#### Given data:
lemma connected_in_mono:
  assumes "connected_in A E" and "\<And>x y. x \<in> A \<Longrightarrow> y \<in> A \<Longrightarrow> E x y \<Longrightarrow> F x y"
  shows "connected_in A F"
  using assms reach_in_mono[of A E _ _ F] unfolding connected_in_def by blast

lemma not_connected_in_unreachable:
  assumes "\<not> connected_in A F" and "b \<in> A" and "\<And>x y. F x y \<Longrightarrow> F y x"
  obtains d where "d \<in> A" and "\<not> reach_in A F b d"
  using connected_inI[of b A F] assms by blast

section \<open>Connected pairs and connected domination\<close>

definition dominates_pair :: "'a set \<Rightarrow> ('a \<Rightarrow> 'a \<Rightarrow> bool) \<Rightarrow> 'a \<Rightarrow> 'a \<Rightarrow> bool" where
  "dominates_pair A F p q \<longleftrightarrow> (\<forall>y\<in>A. y = p \<or> y = q \<or> F y p \<or> F y q)"

lemma dominates_pairD: "dominates_pair A F p q \<Longrightarrow> y \<in> A \<Longrightarrow> y = p \<or> y = q \<or> F y p \<or> F y q"
  unfolding dominates_pair_def by blast

lemma dominates_pair_commute: "dominates_pair A F p q \<longleftrightarrow> dominates_pair A F q p"
  unfolding dominates_pair_def by blast

lemma dominating_pair_through:
  assumes "p = q \<or> F p q" and "\<And>x y. F x y \<Longrightarrow> F y x" and "dominates_pair A F p q"
    and "c \<in> {p, q}"
  obtains x where "x \<in> {p, q}" and "c = x \<or> F c x" and "dominates_pair A F c x"
proof (cases "c = p")
  case True
  then show thesis
    using that assms(1,3) by blast
next
  case False
  then have "c = q"
    using assms(4) by blast
  then show thesis
    using that[of p] assms(1,2,3) dominates_pair_commute[of A F p q] by blast
qed

lemma dominates_pair_mono: "A \<subseteq> B \<Longrightarrow> dominates_pair B F p q \<Longrightarrow> dominates_pair A F p q"
  unfolding dominates_pair_def by blast

lemma reach_in_via_pair:
  assumes sym: "\<And>x y. F x y \<Longrightarrow> F y x"
    and "reach_in A F b y" and "p \<in> A" and "q \<in> A" and "p = q \<or> F p q"
    and "y = p \<or> y = q \<or> F y p \<or> F y q"
    and "z \<in> A" and "z = p \<or> z = q \<or> F z p \<or> F z q"
  shows "reach_in A F b z"
proof -
  have "reach_in A F b p \<or> reach_in A F b q"
    using assms(2-4,6) reach_in.step sym by metis
  then have "reach_in A F b p \<and> reach_in A F b q"
    using assms(3-5) reach_in.step sym by metis
  then show ?thesis using assms(7,8) reach_in.step sym by metis
qed

lemma isolated_if_pair_dominates:
  assumes sym: "\<And>x y. F x y \<Longrightarrow> F y x" and irr: "\<And>x. \<not> F x x"
    and disconnected: "\<not> connected_in A F"
    and "p \<in> A" and "q \<in> A" and "p = q \<or> F p q"
    and dom: "dominates_pair (A - {c}) F p q"
  shows "c \<in> A" and "\<And>y. y \<in> A \<Longrightarrow> \<not> F c y"
proof -
  have reach: "reach_in A F p y" if "y \<in> A" "y \<noteq> c" for y
    using reach_in_via_pair[OF sym reach_in.refl[of p A F] assms(4-6)] dominates_pairD[OF dom] that
      assms(4) by blast
  show "c \<in> A"
    using connected_inI[of p A F] assms(4) sym reach disconnected by blast
  show "\<not> F c y" if "y \<in> A" for y
  proof
    assume "F c y"
    then have "reach_in A F p c"
      using reach that \<open>c \<in> A\<close> irr sym reach_in.step by metis
    then show False
      using connected_inI[of p A F] assms(4) sym reach disconnected by blast
  qed
qed

lemma connected_in_pair:
  assumes "p = q \<or> F p q" and "\<And>x y. F x y \<Longrightarrow> F y x"
  shows "connected_in {p, q} F"
  using assms reach_in_edge[of _ "{p, q}"] reach_in.refl[of _ "{p, q}"]
  unfolding connected_in_def by (metis insert_iff insert_not_empty singletonD)

lemma gamma_c_le_card: "connected_dominating_set A F D \<Longrightarrow> gamma_c A F \<le> card D"
  unfolding gamma_c_def by (rule Least_le) blast

lemma gamma_c_attained:
  "connected_dominating_set A F D \<Longrightarrow> \<exists>D'. connected_dominating_set A F D' \<and> card D' = gamma_c A F"
  unfolding gamma_c_def by (rule LeastI_ex) blast

lemma gamma_c_le_2I:
  assumes "p \<in> A" and "q \<in> A" and "p = q \<or> F p q" and "\<And>x y. F x y \<Longrightarrow> F y x"
    and "dominates_pair A F p q"
  shows "gamma_c A F \<le> 2"
proof -
  have "connected_dominating_set A F {p, q}"
    using assms connected_in_pair[of p q F]
    unfolding connected_dominating_set_def dominates_pair_def by blast
  then have "gamma_c A F \<le> card {p, q}" by (rule gamma_c_le_card)
  also have "\<dots> \<le> 2" by (simp add: card_insert_le_m1)
  finally show ?thesis .
qed

lemma gamma_c_less_3E:
  assumes "finite A" and "connected_in A F" and "gamma_c A F < 3" and sym: "\<And>x y. F x y \<Longrightarrow> F y x"
  obtains p q where "p \<in> A" and "q \<in> A" and "p = q \<or> F p q" and "dominates_pair A F p q"
proof -
  have "connected_dominating_set A F A"
    using assms(2) unfolding connected_dominating_set_def by blast
  then obtain D where D: "connected_dominating_set A F D" and "card D < 3"
    using gamma_c_attained assms(3) by metis
  moreover have "finite D" and "D \<noteq> {}"
    using D assms(1) finite_subset unfolding connected_dominating_set_def connected_in_def by auto
  ultimately have "card D = 1 \<or> card D = 2"
    by (simp add: card_gt_0_iff less_Suc_eq numeral_3_eq_3 numeral_2_eq_2)
  then obtain p q where "D = {p, q}" and "p = q \<or> F p q"
  proof
    assume "card D = 1"
    then show thesis using that by (metis card_1_singletonE insert_absorb2)
  next
    assume "card D = 2"
    then obtain p q where D_eq: "D = {p, q}" and "p \<noteq> q"
      by (meson card_2_iff)
    then have "reach_in D F p q"
      using D unfolding connected_dominating_set_def connected_in_def by blast
    then have "F p q"
      using reach_in_doubleton[of p q F p q] D_eq \<open>p \<noteq> q\<close> sym by blast
    then show thesis using that D_eq by blast
  qed
  then show thesis
    using that D unfolding connected_dominating_set_def dominates_pair_def by blast
qed

lemma exists_other_if_card_ge_2:
  assumes "2 \<le> card S"
  shows "\<exists>s'\<in>S. s' \<noteq> s"
proof (rule ccontr)
  assume "\<not> (\<exists>s'\<in>S. s' \<noteq> s)"
  then have "card S \<le> card {s}"
    by (intro card_mono) auto
  then show False
    using assms by simp
qed

lemma card_Diff_less_swap:
  assumes "finite A" and "finite B" and "card A < card B"
  shows "card (A - B) < card (B - A)"
  using assms card_Int_Diff[of A B] card_Int_Diff[of B A] by (simp add: Int_commute)

lemma independent_setD:
  assumes "independent_set V E I"
  shows "I \<subseteq> V" and "u \<in> I \<Longrightarrow> v \<in> I \<Longrightarrow> \<not> E u v"
  using assms unfolding independent_set_def by blast+

lemma separating_setD:
  assumes "separating_set V E S"
  shows "S \<subseteq> V" and "\<not> connected_in (V - S) E"
  using assms unfolding separating_set_def by blast+

lemma connectivity_le_card: "separating_set V E S \<Longrightarrow> connectivity V E \<le> card S"
  unfolding connectivity_def by (auto intro: Least_le)

lemma connectivity_attained:
  "separating_set V E S \<Longrightarrow> \<exists>S'. separating_set V E S' \<and> card S' = connectivity V E"
  unfolding connectivity_def
  using LeastI_ex[of "\<lambda>k. \<exists>S. separating_set V E S \<and> card S = k"] by auto

lemma independence_number_le:
  assumes "finite V" and "\<And>I. independent_set V E I \<Longrightarrow> card I \<le> k"
  shows "independence_number V E \<le> k"
proof -
  have "{card I | I. independent_set V E I} \<subseteq> card ` Pow V"
    unfolding independent_set_def by blast
  then have "finite {card I | I. independent_set V E I}"
    using assms(1) finite_subset by blast
  moreover have "independent_set V E {}"
    unfolding independent_set_def by simp
  ultimately show ?thesis
    unfolding independence_number_def using assms(2) by (subst Max_le_iff) auto
qed

section \<open>Maximal \<open>3\<close>-\<open>\<gamma>\<^sub>c\<close>-vertex critical graphs\<close>

text \<open>\<open>arrow V E a x b\<close> is the relation written \<open>[a, x] \<mapsto> b\<close> in the literature on
  \<open>\<gamma>\<^sub>c\<close>-critical graphs.\<close>
definition arrow :: "'a set \<Rightarrow> ('a \<Rightarrow> 'a \<Rightarrow> bool) \<Rightarrow> 'a \<Rightarrow> 'a \<Rightarrow> 'a \<Rightarrow> bool" where
  "arrow V E a x b \<longleftrightarrow> x \<in> V \<and> E a x \<and> x \<noteq> b \<and> \<not> E x b \<and> dominates_pair (V - {b}) E a x"

definition only_misses :: "('a \<Rightarrow> 'a \<Rightarrow> bool) \<Rightarrow> 'a set \<Rightarrow> 'a set \<Rightarrow> 'a \<Rightarrow> 'a set" where
  "only_misses E I T c = {x \<in> T. \<not> E x c \<and> (\<forall>i\<in>I - {c}. E x i)}"

lemma only_misses_unique:
  "x \<in> only_misses E I T c \<Longrightarrow> x \<in> only_misses E I T' c' \<Longrightarrow> c \<in> I \<Longrightarrow> c' \<in> I \<Longrightarrow> c = c'"
  unfolding only_misses_def by blast
lemma DK_eq_consensus_energy:
  assumes "\<And>i. norm (h i) = 1"
  shows "DK K a E h z = consensus_energy K a E h z"
  by (rule ext) (simp add: DK_def consensus_energy_def infdist_hyperplane[OF assms] power2_norm_eq_inner)

lemma consensus_energy_has_derivative:
  "(consensus_energy K a E h z has_derivative consensus_energy_deriv K a E h z x) (at x)"
  unfolding consensus_energy_def[abs_def] consensus_energy_deriv_def[abs_def] case_prod_beta
  apply (rule has_derivative_eq_rhs)
   apply ((rule derivative_intros bounded_linear_imp_has_derivative[OF bounded_linear_vec_nth])+)[1]
  apply (rule ext)
  apply (simp add: sum_distrib_left inner_diff_left inner_diff_right inner_commute algebra_simps sum.distrib)
  done

lemma continuous_on_consensus_energy: "continuous_on S (consensus_energy K a E h z)"
  by (intro continuous_at_imp_continuous_on ballI
      has_derivative_continuous[OF consensus_energy_has_derivative])

text \<open>The Hessian form of the energy is the energy with zero data.\<close>
lemma consensus_energy_expansion:
  "consensus_energy K a E h z (x + v) =
     consensus_energy K a E h z x + consensus_energy_deriv K a E h z x v + consensus_energy K a E h (\<lambda>_. 0) v"
proof -
  have data: "(h i \<bullet> (x + v) $ i - z i)\<^sup>2 =
      (h i \<bullet> x $ i - z i)\<^sup>2 + 2 * ((h i \<bullet> x $ i - z i) * (h i \<bullet> v $ i)) + (h i \<bullet> v $ i)\<^sup>2" for i
    by (simp add: inner_add_right power2_eq_square algebra_simps)
  have edge: "a i j * (((x + v) $ j - (x + v) $ i) \<bullet> ((x + v) $ j - (x + v) $ i)) =
      a i j * ((x $ j - x $ i) \<bullet> (x $ j - x $ i)) + 2 * (a i j * ((x $ j - x $ i) \<bullet> (v $ j - v $ i)))
      + a i j * ((v $ j - v $ i) \<bullet> (v $ j - v $ i))" for i j
    by (simp add: inner_add_right inner_add_left inner_diff_left inner_diff_right inner_commute algebra_simps)
  show ?thesis
    unfolding consensus_energy_def consensus_energy_deriv_def data case_prod_beta edge
      sum.distrib sum_distrib_left[symmetric]
    by (simp add: algebra_simps)
qed

lemma consensus_energy_zero_data_scaleR:
  "consensus_energy K a E h (\<lambda>_. 0) (c *\<^sub>R v) = c\<^sup>2 * consensus_energy K a E h (\<lambda>_. 0) v"
proof -
  have data: "(h i \<bullet> (c *\<^sub>R v) $ i - 0)\<^sup>2 = c\<^sup>2 * (h i \<bullet> v $ i - 0)\<^sup>2" for i
    by (simp add: power_mult_distrib)
  have edge: "a i j * (((c *\<^sub>R v) $ j - (c *\<^sub>R v) $ i) \<bullet> ((c *\<^sub>R v) $ j - (c *\<^sub>R v) $ i))
      = c\<^sup>2 * (a i j * ((v $ j - v $ i) \<bullet> (v $ j - v $ i)))" for i j
    by (simp add: scaleR_diff_right[symmetric] power2_eq_square)
  show ?thesis
    unfolding consensus_energy_def case_prod_beta data edge sum_distrib_left[symmetric]
    by (simp add: algebra_simps)
qed

lemma consensus_energy_nonneg:
  assumes "\<And>i j. (i, j) \<in> E \<Longrightarrow> a i j \<ge> 0" and "K \<ge> 0"
  shows "0 \<le> consensus_energy K a E h z x"
proof -
  have "0 \<le> (\<Sum>(i,j)\<in>E. a i j * ((x $ j - x $ i) \<bullet> (x $ j - x $ i)))"
    by (rule weighted_edge_sum_nonneg) (rule assms(1))
  with assms(2) show ?thesis
    unfolding consensus_energy_def by (auto intro!: add_nonneg_nonneg mult_nonneg_nonneg sum_nonneg)
qed

lemma consensus_energy_mono:
  assumes "\<And>i j. (i, j) \<in> E \<Longrightarrow> a i j \<ge> 0" and "K \<le> K'"
  shows "consensus_energy K a E h z x \<le> consensus_energy K' a E h z x"
proof -
  have "0 \<le> (\<Sum>(i,j)\<in>E. a i j * ((x $ j - x $ i) \<bullet> (x $ j - x $ i)))"
    by (rule weighted_edge_sum_nonneg) (rule assms(1))
  with assms(2) show ?thesis
    unfolding consensus_energy_def by (intro add_left_mono mult_right_mono) auto
qed

lemma consensus_energy_zero_data_pos:
  fixes h :: "'n::finite \<Rightarrow> real^'m"
  assumes pos: "\<And>i j. (i, j) \<in> E \<Longrightarrow> a i j > 0" and "K > 0"
    and conn: "\<And>i j. (i, j) \<in> E\<^sup>*"
    and rank: "rank ((\<chi> i. h i) :: real^'m^'n) = CARD('m)"
    and "v \<noteq> 0"
  shows "0 < consensus_energy K a E h (\<lambda>_. 0) v"
proof (rule ccontr)
  define data where "data = (\<Sum>i\<in>UNIV. (h i \<bullet> v $ i)\<^sup>2)"
  define edges where "edges = (\<Sum>(i,j)\<in>E. a i j * ((v $ j - v $ i) \<bullet> (v $ j - v $ i)))"
  assume "\<not> 0 < consensus_energy K a E h (\<lambda>_. 0) v"
  then have "1 / 2 * data + K / 4 * edges \<le> 0"
    by (simp add: consensus_energy_def data_def edges_def)
  moreover have "0 \<le> data" unfolding data_def by (auto intro: sum_nonneg)
  moreover have "0 \<le> edges"
    unfolding edges_def using pos by (intro weighted_edge_sum_nonneg less_imp_le)
  moreover have "0 \<le> K / 4 * edges" using \<open>K > 0\<close> calculation(3) by simp
  ultimately have "data = 0" "K / 4 * edges = 0" by linarith+
  then have "\<And>i. h i \<bullet> v $ i = 0" and "\<And>i j. v $ i = v $ j"
    using \<open>K > 0\<close> weighted_edge_sum_eq_0_imp_eq[OF finite pos _ conn]
    by (simp_all add: data_def edges_def sum_nonneg_eq_0_iff)
  then have "h i \<bullet> v $ k = 0" for i k by metis
  then have "v $ k = 0" for k by (rule full_rank_orthogonal_rows_imp_zero[OF rank])
  with \<open>v \<noteq> 0\<close> show False by (simp add: vec_eq_iff)
qed

lemma consensus_energy_coercive:
  fixes h :: "'n::finite \<Rightarrow> real^'m"
  assumes "\<And>i j. (i, j) \<in> E \<Longrightarrow> a i j > 0" and "K > 0"
    and "\<And>i j. (i, j) \<in> E\<^sup>*"
    and "rank ((\<chi> i. h i) :: real^'m^'n) = CARD('m)"
  shows "\<exists>\<mu>>0. \<forall>v. \<mu> * (norm v)\<^sup>2 \<le> consensus_energy K a E h (\<lambda>_. 0) v"
  using continuous_on_consensus_energy consensus_energy_zero_data_scaleR
    consensus_energy_zero_data_pos[where a = a, OF assms]
  by (rule positive_definite_quadratic_coercive[where q = "consensus_energy K a E h (\<lambda>_. 0)"])

lemma consensus_energy_sublevel_bounded:
  fixes h :: "'n::finite \<Rightarrow> real^'m"
  assumes "\<And>i j. (i, j) \<in> E \<Longrightarrow> a i j > 0" and "K > 0"
    and "\<And>i j. (i, j) \<in> E\<^sup>*"
    and "rank ((\<chi> i. h i) :: real^'m^'n) = CARD('m)"
  shows "\<exists>R. \<forall>x. consensus_energy K a E h z x \<le> consensus_energy K a E h z 0 \<longrightarrow> norm x \<le> R"
proof -
  obtain \<mu> where "\<mu> > 0" "\<And>v. \<mu> * (norm v)\<^sup>2 \<le> consensus_energy K a E h (\<lambda>_. 0) v"
    using consensus_energy_coercive[where a = a, OF assms] by blast
  moreover have "consensus_energy K a E h z v =
      consensus_energy K a E h z 0 + consensus_energy_deriv K a E h z 0 v
      + consensus_energy K a E h (\<lambda>_. 0) v" for v
    using consensus_energy_expansion[of K a E h z 0 v] by simp
  ultimately show ?thesis
    using has_derivative_bounded_linear[OF consensus_energy_has_derivative]
    by (intro quadratic_growth_sublevel_bounded[where q = "consensus_energy K a E h (\<lambda>_. 0)"])
qed

lemma ZK_iff_consensus_energy_deriv_eq_0:
  assumes "\<And>i. norm (h i) = 1"
  shows "x \<in> ZK K a E h z \<longleftrightarrow> consensus_energy_deriv K a E h z x = (\<lambda>_. 0)"
  unfolding ZK_def DK_eq_consensus_energy[OF assms] mem_Collect_eq
proof
  assume "(consensus_energy K a E h z has_derivative (\<lambda>_. 0)) (at x)"
  then show "consensus_energy_deriv K a E h z x = (\<lambda>_. 0)"
    by (rule has_derivative_unique[OF consensus_energy_has_derivative])
qed (metis consensus_energy_has_derivative)

lemma consensus_energy_unique_critical_point:
  fixes h :: "'n::finite \<Rightarrow> real^'m"
  assumes pos: "\<And>i j. (i, j) \<in> E \<Longrightarrow> a i j > 0" and "K > 0"
    and conn: "\<And>i j. (i, j) \<in> E\<^sup>*"
    and rank: "rank ((\<chi> i. h i) :: real^'m^'n) = CARD('m)"
  shows "\<exists>!x. consensus_energy_deriv K a E h z x = (\<lambda>_. 0)"
proof -
  let ?f = "consensus_energy K a E h z" and ?f' = "consensus_energy_deriv K a E h z"
  let ?q = "consensus_energy K a E h (\<lambda>_. 0)"
  obtain R where "\<And>x. ?f x \<le> ?f 0 \<Longrightarrow> norm x \<le> R"
    using consensus_energy_sublevel_bounded[where a = a, OF assms] by blast
  then obtain x where "\<forall>y. ?f x \<le> ?f y"
    using exists_global_min_of_bounded_sublevel[OF continuous_on_consensus_energy] by blast
  then have "?f' x = (\<lambda>_. 0)"
    by (intro has_derivative_local_min[OF consensus_energy_has_derivative] always_eventually) blast
  moreover have "0 \<le> ?q v" for v
    using pos \<open>K > 0\<close> by (intro consensus_energy_nonneg) (simp_all add: less_imp_le)
  moreover have "v = 0" if "?q v = 0" for v
    using consensus_energy_zero_data_pos[where a = a, OF assms, of v] that by auto
  ultimately show ?thesis
    using critical_point_unique[where f = ?f and f' = ?f' and q = ?q, OF consensus_energy_expansion]
    by blast
qed

lemma consensus_energy_critical_points_bounded:
  fixes h :: "'n::finite \<Rightarrow> real^'m"
  assumes pos: "\<And>i j. (i, j) \<in> E \<Longrightarrow> a i j > 0" and "\<kappa>0 > 0"
    and conn: "\<And>i j. (i, j) \<in> E\<^sup>*"
    and rank: "rank ((\<chi> i. h i) :: real^'m^'n) = CARD('m)"
  shows "\<exists>R. \<forall>K>\<kappa>0. \<forall>x. consensus_energy_deriv K a E h z x = (\<lambda>_. 0) \<longrightarrow> norm x \<le> R"
proof -
  let ?f = "\<lambda>K. consensus_energy K a E h z"
  have nonneg: "\<And>i j. (i, j) \<in> E \<Longrightarrow> a i j \<ge> 0" using pos by (simp add: less_imp_le)
  obtain R where R: "\<And>x. ?f \<kappa>0 x \<le> ?f \<kappa>0 0 \<Longrightarrow> norm x \<le> R"
    using consensus_energy_sublevel_bounded[where a = a, OF assms] by blast
  have "norm x \<le> R" if "K > \<kappa>0" and "consensus_energy_deriv K a E h z x = (\<lambda>_. 0)" for K x
  proof (rule R)
    have "?f \<kappa>0 x \<le> ?f K x" using \<open>K > \<kappa>0\<close> by (intro consensus_energy_mono nonneg) simp_all
    also have "\<dots> \<le> ?f K 0"
    proof (rule critical_point_global_min[OF consensus_energy_expansion _ that(2)])
      show "0 \<le> consensus_energy K a E h (\<lambda>_. 0) v" for v
        using \<open>K > \<kappa>0\<close> \<open>\<kappa>0 > 0\<close> by (intro consensus_energy_nonneg nonneg) simp_all
    qed
    also have "\<dots> = ?f \<kappa>0 0" by (simp add: consensus_energy_def)
    finally show "?f \<kappa>0 x \<le> ?f \<kappa>0 0" .
  qed
  then show ?thesis by blast
qed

#### Work to be completed:
Please copy only the lines between the first line of the entries and the line with "q \<longleftrightarrow> (\<forall>y\<in>A.", keeping those two end lines as well, exactly as written.

#### Exercise result:
lemma connected_in_mono:
  assumes "connected_in A E" and "\<And>x y. x \<in> A \<Longrightarrow> y \<in> A \<Longrightarrow> E x y \<Longrightarrow> F x y"
  shows "connected_in A F"
  using assms reach_in_mono[of A E _ _ F] unfolding connected_in_def by blast

lemma not_connected_in_unreachable:
  assumes "\<not> connected_in A F" and "b \<in> A" and "\<And>x y. F x y \<Longrightarrow> F y x"
  obtains d where "d \<in> A" and "\<not> reach_in A F b d"
  using connected_inI[of b A F] assms by blast

section \<open>Connected pairs and connected domination\<close>

definition dominates_pair :: "'a set \<Rightarrow> ('a \<Rightarrow> 'a \<Rightarrow> bool) \<Rightarrow> 'a \<Rightarrow> 'a \<Rightarrow> bool" where
  "dominates_pair A F p q \<longleftrightarrow> (\<forall>y\<in>A. y = p \<or> y = q \<or> F y p \<or> F y q)"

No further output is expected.